Eski adıyla San Francisco yeni adıyla Bay City, Altered Carbon’un siberpunk temasını çok iyi yansıtıyor. Kitabı okurken zihnimde canlanan Bay City ile dizideki Bay City arasında neredeyse hiç fark yok. Dizi, henüz birinci bölüm itibariyle kitaptan ayrılsa da ilk beş bölüm, büyüleyici atmosferi ve yavaş yavaş gelişen olay örgüsü ile şahaneydi. Fakat beşinci bölümden sonrası için aynı şeyi söyleyemeyeceğim. Özellikle Takeshi’nin kardeşi Rei’in diziye dahil olması, güzel olan her şeyi bir anda yok etmeyi başardı. Kitapta kilit nokta olarak nitelenen pek çok olaya değinilmemesi ise hayal kırıklığı yarattı.

Zayıf Kadın Karakterler

Kristin Ortega, kitapta oldukça güçlü bir karakter ve olayların çözümünde büyük bir rol üstleniyor. Sevgilisi Ryker’ın işlemediği bir suç yüzünden depoya kapatılması Ortega’nın zor bir süreçten geçmesine neden oluyor. Kazandığı her kuruşu Ryker’ın bedenini satın alabilmek için ayıran Ortega, sevgilisinin bedeninin, nefret ettiği Laurens Bancroft tarafından satın alındığını öğrenince olaylara dahil oluyor. Kitaptaki Ortega, Ryker’ın bedeni için her şeyi yapmaya hazır olsa da soğukkanlılığı ve zekasıyla öne çıkıyordu. Dizideki Ortega ise ilk andan itibaren Kovacs’a sempati besleyen ve adeta onun peşinden koşan bir karakter olarak karşımıza çıkıyor.

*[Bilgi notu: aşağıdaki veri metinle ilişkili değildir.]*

(* Let $(X,Y)$ be random with $Y\in\{0,1\}$, let $f$ take values in $S=\{s_1,\dots,s_B\}\subseteq[0,1]$, and let $T_n=\{(x_j,y_j)\}_{j=1}^n$ be i.i.d. from $(X,Y)$. Let $0\le c<0.5$ and $0<\delta<1$. Conditional on any realization of $(f(x_1),\dots,f(x_n))$ for which $|\hat p_i-p_i|<c\,p_i$ for all $i$, with probability at least $1-\delta$, $0\le \sum_{i=1}^B\hat p_i(\hat y_i-y_i^* )^2\le\frac{B}{2n}\log\frac{2B}{\delta}$.
   Context: $p_i=\Pr(f(X)=s_i)$, $y_i^*=\mathbb{E}[Y\mid f(X)=s_i]$. $\hat p_i=|\{j:f(x_j)=s_i\}|/n$ and $\hat y_i$ is the average of $y_j$ over $j$ with $f(x_j)=s_i$. *)

theory Defs
  imports "HOL-Probability.Probability"
begin

definition phat :: "nat \<Rightarrow> (nat \<Rightarrow> real) \<Rightarrow> real \<Rightarrow> real" where
  "phat n v s = real (card {j. j < n \<and> v j = s}) / real n"

definition yhat :: "nat \<Rightarrow> (nat \<Rightarrow> real) \<Rightarrow> (nat \<Rightarrow> real) \<Rightarrow> real \<Rightarrow> real" where
  "yhat n v y s = (\<Sum>j | j < n \<and> v j = s. y j) / real (card {j. j < n \<and> v j = s})"

text \<open>Population quantities, for D the joint law of (X,Y):
  pop_p D f s = Pr(f(X) = s),  ystar D f s = E[Y | f(X) = s].\<close>
definition pop_p :: "('x \<times> real) measure \<Rightarrow> ('x \<Rightarrow> real) \<Rightarrow> real \<Rightarrow> real" where
  "pop_p D f s = measure D {z \<in> space D. f (fst z) = s}"

definition ystar :: "('x \<times> real) measure \<Rightarrow> ('x \<Rightarrow> real) \<Rightarrow> real \<Rightarrow> real" where
  "ystar D f s = (\<integral>z. snd z * indicator {z \<in> space D. f (fst z) = s} z \<partial>D) / pop_p D f s"

definition condP :: "'w measure \<Rightarrow> ('w \<Rightarrow> bool) \<Rightarrow> ('w \<Rightarrow> bool) \<Rightarrow> real" where
  "condP M A Q = measure M {\<omega> \<in> space M. A \<omega> \<and> Q \<omega>} / measure M {\<omega> \<in> space M. Q \<omega>}"

end

theory Submission
  imports Defs
begin

(* Conditionally on the scores f(X_j) = r_j, the pairs (X_j, Y_j) remain independent, and Y_j is
   distributed as Y given f(X) = r_j: it lies in [0,1] and has mean y*(r_j).  The bin of a score s
   holds m_s = n p^_s samples, and m_s > 0 because |p^_s - p_s| < c p_s with c < 1.  With
   L = ln (2B/delta), Hoeffding's inequality bounds the probability that the labels of bin s
   deviate from their mean by |sum Y_j - m_s y*_s| >= sqrt (m_s L / 2) by 2 exp (-L) = delta/B.
   Outside the union of these B events every term
   p^_s (y^_s - y*_s)^2 = (sum Y_j - m_s y*_s)^2 / (n m_s) is below L/(2n). *)

lemma weighted_sq_dev_le:
  fixes a y L :: real and m n :: nat
  assumes "0 < m" "0 < n" "0 \<le> L" "\<bar>a - m * y\<bar> < sqrt (m * L / 2)"
  shows "m / n * (a / m - y)\<^sup>2 \<le> L / (2 * real n)"
proof -
  have dev: "(a - m * y)\<^sup>2 \<le> m * L / 2"
    using assms(3,4) by (metis less_imp_le real_sqrt_abs real_sqrt_le_iff)
  have "a / m - y = (a - m * y) / m"
    using assms(1) by (simp add: field_simps)
  then have "m / n * (a / m - y)\<^sup>2 = (a - m * y)\<^sup>2 / (real m * real n)"
    using assms(1) by (simp add: power_divide power2_eq_square)
  also have "\<dots> \<le> (m * L / 2) / (real m * real n)"
    using dev by (intro divide_right_mono) simp_all
  also have "\<dots> = L / (2 * real n)"
    using assms(1) by simp
  finally show ?thesis .
qed

lemma relative_error_imp_pos:
  fixes a b c :: real
  assumes "\<bar>a - b\<bar> < c * b" "0 \<le> c" "c < 1"
  shows "0 < b" "0 < a"
proof -
  show "0 < b"
    using assms by (smt (verit) mult_nonneg_nonpos)
  then show "0 < a"
    using assms by (smt (verit) mult_less_cancel_right2)
qed

lemma (in prob_space) Hoeffding_sum_deviation:
  fixes Y :: "'i \<Rightarrow> 'a \<Rightarrow> real" and \<mu> L :: real
  assumes "finite J" "J \<noteq> {}" "indep_vars (\<lambda>_. borel) Y J"
    and "\<And>j. j \<in> J \<Longrightarrow> AE \<omega> in M. Y j \<omega> \<in> {0..1}"
    and "\<And>j. j \<in> J \<Longrightarrow> expectation (Y j) = \<mu>" and "0 \<le> L"
  shows "prob {\<omega> \<in> space M. sqrt (card J * L / 2) \<le> \<bar>(\<Sum>j\<in>J. Y j \<omega>) - card J * \<mu>\<bar>}
           \<le> 2 * exp (- L)"
proof -
  interpret Hoeffding_ineq M J Y "\<lambda>_. 0" "\<lambda>_. 1" "\<Sum>j\<in>J. expectation (Y j)"
    by unfold_locales (use assms in simp_all)
  have "(\<Sum>j\<in>J. expectation (Y j)) = card J * \<mu>"
    using assms(5) by simp
  moreover have "card J > 0"
    using assms(1,2) by (simp add: card_gt_0_iff)
  ultimately show ?thesis
    using Hoeffding_ineq_abs_ge[of "sqrt (card J * L / 2)"] assms(6) by simp
qed

lemma phat_cong: "(\<And>j. j < n \<Longrightarrow> v j = w j) \<Longrightarrow> phat n v = phat n w"
  by (simp add: fun_eq_iff phat_def cong: conj_cong)

lemma yhat_cong: "(\<And>j. j < n \<Longrightarrow> v j = w j) \<Longrightarrow> yhat n v = yhat n w"
  by (simp add: fun_eq_iff yhat_def cong: conj_cong)

lemma phat_nonneg: "0 \<le> phat n v s"
  by (simp add: phat_def)

lemma binned_sq_error_le:
  fixes y r :: "nat \<Rightarrow> real" and \<mu> :: "real \<Rightarrow> real" and L :: real
  assumes "0 < n" "0 \<le> L" and bins: "\<And>s. s \<in> S \<Longrightarrow> 0 < phat n r s"
    and dev: "\<And>s. s \<in> S \<Longrightarrow> \<bar>(\<Sum>j | j < n \<and> r j = s. y j) - card {j. j < n \<and> r j = s} * \<mu> s\<bar>
                          < sqrt (card {j. j < n \<and> r j = s} * L / 2)"
  shows "(\<Sum>s\<in>S. phat n r s * (yhat n r y s - \<mu> s)\<^sup>2) \<le> card S / (2 * real n) * L"
proof -
  have "phat n r s * (yhat n r y s - \<mu> s)\<^sup>2 \<le> L / (2 * real n)" if "s \<in> S" for s
  proof -
    have "0 < card {j. j < n \<and> r j = s}"
      using bins[OF that] by (simp add: phat_def zero_less_divide_iff)
    then show ?thesis
      unfolding phat_def yhat_def using assms(1,2) dev[OF that] by (rule weighted_sq_dev_le)
  qed
  then have "(\<Sum>s\<in>S. phat n r s * (yhat n r y s - \<mu> s)\<^sup>2) \<le> (\<Sum>s\<in>S. L / (2 * real n))"
    by (rule sum_mono)
  then show ?thesis
    by simp
qed

lemma (in prob_space) prob_binned_sq_error_le:
  fixes Y :: "nat \<Rightarrow> 'a \<Rightarrow> real" and r :: "nat \<Rightarrow> real" and \<mu> :: "real \<Rightarrow> real"
  assumes "0 < n" and indep: "indep_vars (\<lambda>_. borel) Y {..<n}"
    and range: "\<And>j. j < n \<Longrightarrow> AE \<omega> in M. Y j \<omega> \<in> {0..1}"
    and mean: "\<And>j. j < n \<Longrightarrow> expectation (Y j) = \<mu> (r j)"
    and "finite S" "S \<noteq> {}" and bins: "\<And>s. s \<in> S \<Longrightarrow> 0 < phat n r s"
    and "0 < \<delta>" "\<delta> < 1"
  shows "1 - \<delta> \<le> prob {\<omega> \<in> space M.
           (\<Sum>s\<in>S. phat n r s * (yhat n r (\<lambda>j. Y j \<omega>) s - \<mu> s)\<^sup>2)
             \<le> card S / (2 * real n) * ln (2 * real (card S) / \<delta>)}"
proof -
  define L where "L = ln (2 * real (card S) / \<delta>)"
  define J where "J s = {j. j < n \<and> r j = s}" for s
  define Bad where
    "Bad s = {\<omega> \<in> space M. sqrt (card (J s) * L / 2) \<le> \<bar>(\<Sum>j\<in>J s. Y j \<omega>) - card (J s) * \<mu> s\<bar>}" for s
  have card_S: "0 < card S"
    using \<open>finite S\<close> \<open>S \<noteq> {}\<close> by (simp add: card_gt_0_iff)
  have "0 < L"
    using card_S \<open>0 < \<delta>\<close> \<open>\<delta> < 1\<close> by (simp add: L_def field_simps)
  have J_sub: "J s \<subseteq> {..<n}" for s
    by (auto simp: J_def)
  have J_ne: "J s \<noteq> {}" if "s \<in> S" for s
    using bins[OF that] by (auto simp: phat_def J_def[symmetric])
  have [measurable]: "(\<lambda>\<omega>. \<Sum>j\<in>J s. Y j \<omega>) \<in> borel_measurable M" for s
    using J_sub indep by (intro borel_measurable_sum) (auto simp: indep_vars_def)
  have Bad_prob: "prob (Bad s) \<le> \<delta> / card S" if "s \<in> S" for s
  proof -
    have "prob (Bad s) \<le> 2 * exp (- L)"
      unfolding Bad_def using J_sub J_ne[OF that] \<open>0 < L\<close> range mean
      by (intro Hoeffding_sum_deviation indep_vars_subset[OF indep])
        (auto simp: J_def intro: finite_subset)
    also have "2 * exp (- L) = \<delta> / card S"
      using card_S \<open>0 < \<delta>\<close> by (simp add: L_def exp_minus field_simps)
    finally show ?thesis .
  qed
  have "prob (\<Union>s\<in>S. Bad s) \<le> (\<Sum>s\<in>S. prob (Bad s))"
    by (rule finite_measure_subadditive_finite) (auto simp: Bad_def \<open>finite S\<close>)
  also have "\<dots> \<le> (\<Sum>s\<in>S. \<delta> / card S)"
    by (rule sum_mono) (rule Bad_prob)
  also have "\<dots> = \<delta>"
    using card_S by simp
  finally have "1 - \<delta> \<le> prob (space M - (\<Union>s\<in>S. Bad s))"
    by (subst prob_compl) (auto simp: Bad_def \<open>finite S\<close>)
  also have "\<dots> \<le> prob {\<omega> \<in> space M.
      (\<Sum>s\<in>S. phat n r s * (yhat n r (\<lambda>j. Y j \<omega>) s - \<mu> s)\<^sup>2) \<le> card S / (2 * real n) * L}"
  proof (rule finite_measure_mono)
    show "space M - (\<Union>s\<in>S. Bad s) \<subseteq> {\<omega> \<in> space M.
      (\<Sum>s\<in>S. phat n r s * (yhat n r (\<lambda>j. Y j \<omega>) s - \<mu> s)\<^sup>2) \<le> card S / (2 * real n) * L}"
      using \<open>0 < n\<close> \<open>0 < L\<close> bins
      by (intro subsetI CollectI conjI binned_sq_error_le) (auto simp: Bad_def J_def not_le)
  qed (unfold yhat_def J_def[symmetric], measurable)
  finally show ?thesis
    unfolding L_def .
qed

Bilincin bedenler arası aktarımını keşfeden ve bu keşfinden pişman olup sonsuz yaşamı sonlandırmak isteyen elçilerin lideri Quellcrist Falconer, kitapta Kovacs’ın akıl hocalığını yapan ve elçilerin lideri olan bir kadındı. Dizide ise gereksiz bir aşk örgüsünün içine dahil edilerek harcanan bir karakter oldu. Dizinin ilk dakikalarında ölümünü izlediğimiz ve kitap boyunca Kovacs’ın aklından çıkaramadığı kadın Sarah idi. Tüm karmaşa sona erdiğinde de Sarah ile kavuşmanın planlarını yapıyordu. Sarah’ın yerini maalesef Quell devraldı. Dizinin kitapla tıpatıp aynı olmasını beklemiyorum. Kitap kadar iyi olmasını da beklemiyorum. Bugüne kadar kitaptan ekrana uyarlanan dizi veya filmler hiçbir zaman aynı etkiyi yaratamadı. Ama Richard K. Morgan’ın 2002 yılında yarattığı güçlü kadın karakterlerin 2018 yılında kurtarılmayı bekleyen prenseslere dönüşmesinin de kabul edilebilir bir şey olduğunu düşünmüyorum.

Ortega ve Quell’in zayıflığını bir şekilde göz ardı etsek de dizinin kötü karakteri Rei’in elle tutulur tek bir yanı yok. Saplantılı kız kardeş fikri, yalnızca Kovacs’ın hayatını değil tüm diziyi mahvetmeyi başardı. Rei’in yetişkin halini gördüğüm bölümlerden sonra, büyük bir beklenti ile başladığım dizinin uçurumdan yuvarlanmasını seyrettim yalnızca.

Dizinin Hem İyi Hem Kötü Yanları

Netflix’in ilk Alman yapımı dizisi Dark ile oldukça güzel bir intro izlemiştik. Altered Carbon o kadar başarılı olamasa da, beden değişimini anlatan introsuyla ilk saniyelerde seyirciyi etkiliyor. Her bölümün sonunda, bölümde gerçekleşen olaylara uygun bir kapanış yapması ise dizinin en sevdiğim yanlarından biriydi.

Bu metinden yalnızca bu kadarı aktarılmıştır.